[Records excerpted from a collection]
-=-=-=-=-
(* Let $M\ge 2$ and let $\varphi_1,\dots,\varphi_M$ be i.i.d. $\mathcal{N}(\nu,\sigma_\varphi^2)$ with $\sigma_\varphi>0$. Let $\bar\varphi=\frac1M\sum_k\varphi_k$, $\hat\sigma_\varphi^2=\frac{1}{M-1}\sum_{k=1}^M(\varphi_k-\bar\varphi)^2$, $\hat\sigma_\varphi=\sqrt{\hat\sigma_\varphi^2}$. Fix $\alpha,\gamma\in(0,1)$ and $\varphi_{MAP}\in\mathbb{R}$, let $z_{1-\gamma/2}$ be the $(1-\gamma/2)$-quantile of the standard normal distribution, let $\chi^2_{M-1,p}$ denote the $p$-quantile of the chi-squared distribution with $M-1$ degrees of freedom, and set $L=\sqrt{(M-1)/\chi^2_{M-1,1-\alpha/2}}$, $R=\sqrt{(M-1)/\chi^2_{M-1,\alpha/2}}$. Define the credible interval endpoints $\underline{\varphi}^*=\varphi_{MAP}-z_{1-\gamma/2}\sigma_\varphi$, $\overline{\varphi}^*=\varphi_{MAP}+z_{1-\gamma/2}\sigma_\varphi$, and the random intervals $\underline{I}=[\varphi_{MAP}-z_{1-\gamma/2}\hat\sigma_\varphi R,\ \varphi_{MAP}-z_{1-\gamma/2}\hat\sigma_\varphi L]$, $\overline{I}=[\varphi_{MAP}+z_{1-\gamma/2}\hat\sigma_\varphi L,\ \varphi_{MAP}+z_{1-\gamma/2}\hat\sigma_\varphi R]$. Then $$\mathbb{P}\{\underline{\varphi}^*\in\underline{I}\text{ and }\overline{\varphi}^*\in\overline{I}\}=1-\alpha.$$ Moreover, $\mathbb{P}\{[\varphi_{MAP}-z_{1-\gamma/2}\hat\sigma_\varphi R,\ \varphi_{MAP}+z_{1-\gamma/2}\hat\sigma_\varphi R]\supset[\underline{\varphi}^*,\overline{\varphi}^*]\}=1-\alpha/2$ and $\mathbb{P}\{[\varphi_{MAP}-z_{1-\gamma/2}\hat\sigma_\varphi L,\ \varphi_{MAP}+z_{1-\gamma/2}\hat\sigma_\varphi L]\subset[\underline{\varphi}^*,\overline{\varphi}^*]\}=1-\alpha/2$.
   Context: In the application, $\varphi_k=\mathbf{h}^\top\mathbf{c}^k_{MAP}$ are values of a linear functional on i.i.d. Gaussian Monte Carlo MAP estimators, $\sigma_\varphi^2=\mathbf{h}^\top\bm{\Sigma}\mathbf{h}$ is the posterior variance of the functional, and $[\underline{\varphi}^*,\overline{\varphi}^*]$ is the Gaussian $(1-\gamma)\times100\%$ Bayesian credible interval for the functional; $L$ and $R$ are called the deflation and inflation factors. *)

theory Defs
  imports "HOL-Probability.Probability"
begin

definition chi2_density :: "nat \<Rightarrow> real \<Rightarrow> real" where
  "chi2_density k x = (if x > 0 then
      x powr (real k / 2 - 1) * exp (- x / 2) / (2 powr (real k / 2) * Gamma (real k / 2))
    else 0)"

definition chi2_distr :: "nat \<Rightarrow> real measure" where
  "chi2_distr k = density lborel (\<lambda>x. ennreal (chi2_density k x))"

definition chi2_quantile :: "nat \<Rightarrow> real \<Rightarrow> real" where
  "chi2_quantile k p = (THE x. x > 0 \<and> cdf (chi2_distr k) x = p)"

definition std_normal_quantile :: "real \<Rightarrow> real" where
  "std_normal_quantile p =
     (THE z. cdf (density lborel (\<lambda>x. ennreal (std_normal_density x))) z = p)"

end

theory Submission
  imports Defs
begin

text \<open>Let \<open>S\<close> be the sum of squared deviations of the \<open>\<phi>\<^sub>k\<close> from their mean and \<open>T = S / \<sigma>\<^sup>2\<close>, so
  that \<open>shat = \<sigma> sqrt (T / (M - 1))\<close>, and let \<open>q\<^sub>1\<close>, \<open>q\<^sub>2\<close> be the \<open>\<alpha>/2\<close>- and \<open>(1 - \<alpha>/2)\<close>-quantiles of
  \<open>\<chi>\<^sup>2(M - 1)\<close>. Then \<open>\<sigma> \<le> shat R\<close> iff \<open>q\<^sub>1 \<le> T\<close>, and \<open>shat L \<le> \<sigma>\<close> iff \<open>T \<le> q\<^sub>2\<close>, so the three events
  are \<open>q\<^sub>1 \<le> T \<le> q\<^sub>2\<close>, \<open>q\<^sub>1 \<le> T\<close> and \<open>T \<le> q\<^sub>2\<close>, and everything reduces to the classical fact that
  \<open>T\<close> has law \<open>\<chi>\<^sup>2(M - 1)\<close>.

  That fact is proved by induction on the sample size, integrating out one sample at a time.
  Adding a sample \<open>b\<close> to \<open>n\<close> samples with mean \<open>a\<close> replaces the mean by \<open>(n a + b)/(n + 1)\<close> and
  adds \<open>n/(n + 1) (b - a)\<^sup>2\<close> to \<open>S\<close>. As \<open>a \<sim> N(\<nu>, \<sigma>\<^sup>2/n)\<close> and \<open>b \<sim> N(\<nu>, \<sigma>\<^sup>2)\<close> are independent, the new
  mean and \<open>sqrt (n/(n + 1)) (b - a)/\<sigma>\<close> are independent with laws \<open>N(\<nu>, \<sigma>\<^sup>2/(n + 1))\<close> and
  \<open>N(0, 1)\<close>; the square of the latter has law \<open>\<chi>\<^sup>2(1)\<close>, and \<open>\<chi>\<^sup>2(k) * \<chi>\<^sup>2(1) = \<chi>\<^sup>2(k + 1)\<close> by a
  Beta integral.\<close>

section \<open>Chi-squared densities\<close>

lemma chi2_density_nonneg [simp]: "0 \<le> chi2_density k x"
  unfolding chi2_density_def
  by (cases "k = 0") (auto intro!: divide_nonneg_pos Gamma_real_pos)

lemma chi2_density_pos: "k \<ge> 1 \<Longrightarrow> x > 0 \<Longrightarrow> 0 < chi2_density k x"
  unfolding chi2_density_def by (auto intro!: divide_pos_pos mult_pos_pos Gamma_real_pos)

lemma borel_measurable_chi2_density [measurable]: "chi2_density k \<in> borel_measurable borel"
  unfolding chi2_density_def[abs_def] by measurable

lemma sets_chi2_distr [simp, measurable_cong]: "sets (chi2_distr k) = sets borel"
  by (simp add: chi2_distr_def)

lemma space_chi2_distr [simp]: "space (chi2_distr k) = UNIV"
  by (simp add: chi2_distr_def)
-=-=-=-=-
▸ Work order:
Type out the entries again, word for word.

▸ Your response:
(* Let $M\ge 2$ and let $\varphi_1,\dots,\varphi_M$ be i.i.d. $\mathcal{N}(\nu,\sigma_\varphi^2)$ with $\sigma_\varphi>0$. Let $\bar\varphi=\frac1M\sum_k\varphi_k$, $\hat\sigma_\varphi^2=\frac{1}{M-1}\sum_{k=1}^M(\varphi_k-\bar\varphi)^2$, $\hat\sigma_\varphi=\sqrt{\hat\sigma_\varphi^2}$. Fix $\alpha,\gamma\in(0,1)$ and $\varphi_{MAP}\in\mathbb{R}$, let $z_{1-\gamma/2}$ be the $(1-\gamma/2)$-quantile of the standard normal distribution, let $\chi^2_{M-1,p}$ denote the $p$-quantile of the chi-squared distribution with $M-1$ degrees of freedom, and set $L=\sqrt{(M-1)/\chi^2_{M-1,1-\alpha/2}}$, $R=\sqrt{(M-1)/\chi^2_{M-1,\alpha/2}}$. Define the credible interval endpoints $\underline{\varphi}^*=\varphi_{MAP}-z_{1-\gamma/2}\sigma_\varphi$, $\overline{\varphi}^*=\varphi_{MAP}+z_{1-\gamma/2}\sigma_\varphi$, and the random intervals $\underline{I}=[\varphi_{MAP}-z_{1-\gamma/2}\hat\sigma_\varphi R,\ \varphi_{MAP}-z_{1-\gamma/2}\hat\sigma_\varphi L]$, $\overline{I}=[\varphi_{MAP}+z_{1-\gamma/2}\hat\sigma_\varphi L,\ \varphi_{MAP}+z_{1-\gamma/2}\hat\sigma_\varphi R]$. Then $$\mathbb{P}\{\underline{\varphi}^*\in\underline{I}\text{ and }\overline{\varphi}^*\in\overline{I}\}=1-\alpha.$$ Moreover, $\mathbb{P}\{[\varphi_{MAP}-z_{1-\gamma/2}\hat\sigma_\varphi R,\ \varphi_{MAP}+z_{1-\gamma/2}\hat\sigma_\varphi R]\supset[\underline{\varphi}^*,\overline{\varphi}^*]\}=1-\alpha/2$ and $\mathbb{P}\{[\varphi_{MAP}-z_{1-\gamma/2}\hat\sigma_\varphi L,\ \varphi_{MAP}+z_{1-\gamma/2}\hat\sigma_\varphi L]\subset[\underline{\varphi}^*,\overline{\varphi}^*]\}=1-\alpha/2$.
   Context: In the application, $\varphi_k=\mathbf{h}^\top\mathbf{c}^k_{MAP}$ are values of a linear functional on i.i.d. Gaussian Monte Carlo MAP estimators, $\sigma_\varphi^2=\mathbf{h}^\top\bm{\Sigma}\mathbf{h}$ is the posterior variance of the functional, and $[\underline{\varphi}^*,\overline{\varphi}^*]$ is the Gaussian $(1-\gamma)\times100\%$ Bayesian credible interval for the functional; $L$ and $R$ are called the deflation and inflation factors. *)

theory Defs
  imports "HOL-Probability.Probability"
begin

definition chi2_density :: "nat \<Rightarrow> real \<Rightarrow> real" where
  "chi2_density k x = (if x > 0 then
      x powr (real k / 2 - 1) * exp (- x / 2) / (2 powr (real k / 2) * Gamma (real k / 2))
    else 0)"

definition chi2_distr :: "nat \<Rightarrow> real measure" where
  "chi2_distr k = density lborel (\<lambda>x. ennreal (chi2_density k x))"

definition chi2_quantile :: "nat \<Rightarrow> real \<Rightarrow> real" where
  "chi2_quantile k p = (THE x. x > 0 \<and> cdf (chi2_distr k) x = p)"

definition std_normal_quantile :: "real \<Rightarrow> real" where
  "std_normal_quantile p =
     (THE z. cdf (density lborel (\<lambda>x. ennreal (std_normal_density x))) z = p)"

end

theory Submission
  imports Defs
begin

text \<open>Let \<open>S\<close> be the sum of squared deviations of the \<open>\<phi>\<^sub>k\<close> from their mean and \<open>T = S / \<sigma>\<^sup>2\<close>, so
  that \<open>shat = \<sigma> sqrt (T / (M - 1))\<close>, and let \<open>q\<^sub>1\<close>, \<open>q\<^sub>2\<close> be the \<open>\<alpha>/2\<close>- and \<open>(1 - \<alpha>/2)\<close>-quantiles of
  \<open>\<chi>\<^sup>2(M - 1)\<close>. Then \<open>\<sigma> \<le> shat R\<close> iff \<open>q\<^sub>1 \<le> T\<close>, and \<open>shat L \<le> \<sigma>\<close> iff \<open>T \<le> q\<^sub>2\<close>, so the three events
  are \<open>q\<^sub>1 \<le> T \<le> q\<^sub>2\<close>, \<open>q\<^sub>1 \<le> T\<close> and \<open>T \<le> q\<^sub>2\<close>, and everything reduces to the classical fact that
  \<open>T\<close> has law \<open>\<chi>\<^sup>2(M - 1)\<close>.

  That fact is proved by induction on the sample size, integrating out one sample at a time.
  Adding a sample \<open>b\<close> to \<open>n\<close> samples with mean \<open>a\<close> replaces the mean by \<open>(n a + b)/(n + 1)\<close> and
  adds \<open>n/(n + 1) (b - a)\<^sup>2\<close> to \<open>S\<close>. As \<open>a \<sim> N(\<nu>, \<sigma>\<^sup>2/n)\<close> and \<open>b \<sim> N(\<nu>, \<sigma>\<^sup>2)\<close> are independent, the new
  mean and \<open>sqrt (n/(n + 1)) (b - a)/\<sigma>\<close> are independent with laws \<open>N(\<nu>, \<sigma>\<^sup>2/(n + 1))\<close> and
  \<open>N(0, 1)\<close>; the square of the latter has law \<open>\<chi>\<^sup>2(1)\<close>, and \<open>\<chi>\<^sup>2(k) * \<chi>\<^sup>2(1) = \<chi>\<^sup>2(k + 1)\<close> by a
  Beta integral.\<close>

section \<open>Chi-squared densities\<close>

lemma chi2_density_nonneg [simp]: "0 \<le> chi2_density k x"
  unfolding chi2_density_def
  by (cases "k = 0") (auto intro!: divide_nonneg_pos Gamma_real_pos)

lemma chi2_density_pos: "k \<ge> 1 \<Longrightarrow> x > 0 \<Longrightarrow> 0 < chi2_density k x"
  unfolding chi2_density_def by (auto intro!: divide_pos_pos mult_pos_pos Gamma_real_pos)

lemma borel_measurable_chi2_density [measurable]: "chi2_density k \<in> borel_measurable borel"
  unfolding chi2_density_def[abs_def] by measurable

lemma sets_chi2_distr [simp, measurable_cong]: "sets (chi2_distr k) = sets borel"
  by (simp add: chi2_distr_def)

lemma space_chi2_distr [simp]: "space (chi2_distr k) = UNIV"
  by (simp add: chi2_distr_def)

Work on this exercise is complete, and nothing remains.